PDF Reader

Related products: FME Form

Complimenting the PDF writer (which is being unified from having separate 2D/3D variants), this one would read vector/raster features out of geospatial PDFs
Would also use to compare non-geospatial vector PDFS. Also would like to use one of the read PDF files as a template over which additional content might be added.

This would make some of my projects a lot easier. For a certain client I have to design a map in vector and then deliver individual layers as PNG files (sometimes in excess of 20000 pixels per side). My current workflow is to write out individual PDF's from Illustrator and rasterize them in Photoshop. This often takes a lot of time and requires some manual actions by me (open file, set size, save file). If I could just run it through FME that would at the very least save me the manual work.


Would be very useful. We get lots of site plans and data in PDF's, FME could save lots of time in digisiting sites.


This would be very useful at the moment. We have upcoming requests to read PDF so would be interested in having a reader to analyse geospatial PDF


I can confirm that we've been laying the groundwork for this.

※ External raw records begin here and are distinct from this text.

lemma vertex_frame_intertwines:
  fixes b \<beta> :: "nat \<Rightarrow> complex fps" and u :: "complex fps" and \<chi> :: "nat \<Rightarrow> bool"
  assumes \<beta>_step: "\<And>i. i < 2*r \<Longrightarrow> \<beta> (Suc i) = \<beta> i + b (Suc i)"
    and \<beta>_even: "\<And>i. i \<le> 2*r \<Longrightarrow> even i \<Longrightarrow> fps_X dvd (if \<chi> (i div 2) then \<beta> i else \<beta> i - u)"
    and odd_mem: "\<And>j. j < r \<Longrightarrow> 2*j+1 \<in> S \<longleftrightarrow> \<chi> j"
    and even_mem: "\<And>j. j < r \<Longrightarrow> 2*j+2 \<in> S \<longleftrightarrow> \<not> \<chi> (Suc j)"
    and i: "i \<in> {1..2*r}"
  shows "fst (MIJ b) i * vertex_frame u \<beta> \<chi> (i - 1) =
           vertex_frame u \<beta> \<chi> i * fst (Lsum S ({1..2*r} - S)) i \<and>
         snd (MIJ b) i * vertex_frame u \<beta> \<chi> i =
           vertex_frame u \<beta> \<chi> (i - 1) * snd (Lsum S ({1..2*r} - S)) i"
proof (cases "odd i")
  case True
  then obtain j where j: "i = 2*j+1"
    by (metis oddE)
  then have "j < r"
    using i by simp
  then show ?thesis
    using j odd_vertex_intertwines[OF \<beta>_even[of "2*j", simplified]] \<beta>_step[of "2*j"] odd_mem[of j]
      Lsum_complement_at[OF i, of S]
    by (simp add: vertex_frame_def MIJ_def)
next
  case False
  obtain j where j: "i = 2*j+2"
  proof
    show "i = 2 * (i div 2 - 1) + 2"
      using False i by presburger
  qed
  then have "j < r"
    using i by simp
  have \<beta>_i: "\<beta> (2*j+2) = \<beta> (2*j+1) + b (2*j+2)"
    using \<beta>_step[of "2*j+1"] \<open>j < r\<close> by (simp add: add.assoc)
  have "fps_X dvd (if \<chi> (Suc j) then \<beta> (2*j+2) else \<beta> (2*j+2) - u)"
    using \<beta>_even[of "2*j+2"] \<open>j < r\<close> by simp
  then show ?thesis
    unfolding \<beta>_i
    using j even_vertex_intertwines[of "\<chi> (Suc j)" "\<beta> (2*j+1)" "b (2*j+2)" u] \<beta>_i
      even_mem[OF \<open>j < r\<close>] Lsum_complement_at[OF i, of S]
    by (simp add: vertex_frame_def MIJ_def)
qed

Won't be in 2016.1, but I'd be surprised if we didn't a form of PDF reading by end of calendar 2016. @ciarab can I ask you to send a couple sample PDFs into support@safe.com so we can be sure your scenario is targetted?


I never realized I have to do this but true enough I have are projects that would require this. Thanks for the update @daleatsafe. If you need some more PDFs to try let me know.


There is a new open source implementation towards GDAL that reads PDF - more information here http://blog.klokantech.com/2016/08/pdfium-geopdf-driver-in-gdal-21.html?utm_source=feedburner&utm_medium=feed&utm_campaign=Feed%3A+klokan-blog-osgeo+%28Blog%3A+Klokan+Petr+P%C5%99idal%29 @fme_lizard @daleatsafe


When are we expecting this (pdf reader), if at all

Thanks


We have been using A-PDF Data extractor to extract data from pdfs. We use a system caller to connect to the app. We hope to see a similiar feature directly in FME without the need of a 3rd party app.


At this moment I have no need for a PDF reader.

But I will vote for it as it might speed up the improvements for the PDF writer that I do need:

https://knowledge.safe.com/idea/38680/better-pdf-writer-support.html


Any notable progress on the PDF reader?


I tried to read text from a pdf file using a PythonCaller and the pdfminer plugin, and it went pretty well. For a start? Like this:

import fme
import fmeobjects
import sys
import chardet
from pdfminer.pdfinterp import PDFResourceManager, PDFPageInterpreter
from pdfminer.pdfpage import PDFPage
from pdfminer.converter import XMLConverter, HTMLConverter, TextConverter
from pdfminer.layout import LAParams
from cStringIO import StringIO

# Template Function interface:
# When using this function, make sure its name is set as the value of
# the 'Class or Function to Process Features' transformer parameter
def processFeature(feature):

data = FME_MacroValues['SourcePdfFile']

fp = file(data, 'rb')
rsrcmgr = PDFResourceManager()
retstr = StringIO()
codec = 'utf-8'
laparams = LAParams()
device = TextConverter(rsrcmgr, retstr, codec=codec, laparams=laparams)
# Create a PDF interpreter object.
interpreter = PDFPageInterpreter(rsrcmgr, device)
# Process each page contained in the document.

for page in PDFPage.get_pages(fp):
interpreter.process_page(page)
data = retstr.getvalue()

e = chardet.detect(data)
u = None
try:
if e['confidence'] > 0.3:
u = unicode(data, e['encoding'])
except:
pass

if u:
feature.setAttribute('pdfcontent', u)
else:
feature.setAttribute('pdfcontent', data)
pass

There is also a custom reader at the hub:

PDF2TextReader

'


is there a PDF to Excel reader in FME?


Please build something for PDF converter!


I use poppler to read PDF as Raster. Basically it just converts pdf files to jpgs and then u read the jpg.


https://poppler.freedesktop.org/



We might have had something to do with that long ago....

 

 


I'm late to the party, but I vote for this. My primary use would be change detection between two GeoPDF's.


Hi all -- what better way to start the year than to try out the new PDF reader in FME 2018 betas. Builds 18236 and later have it. Get it from http://www.safe.com/download and let us know what you think. @ciarab @marko @redgeographics @geospatiallover @gschleusner @sigtill @cartoscro @dannymatranga @zubairsm FYI


 

@croningarrett our long awaited PDF reader 😉
Me also, but on MS windows the latest binary I could find was for v0.51, quite a way behind the latest. Not that it seems to matter for simple image extraction.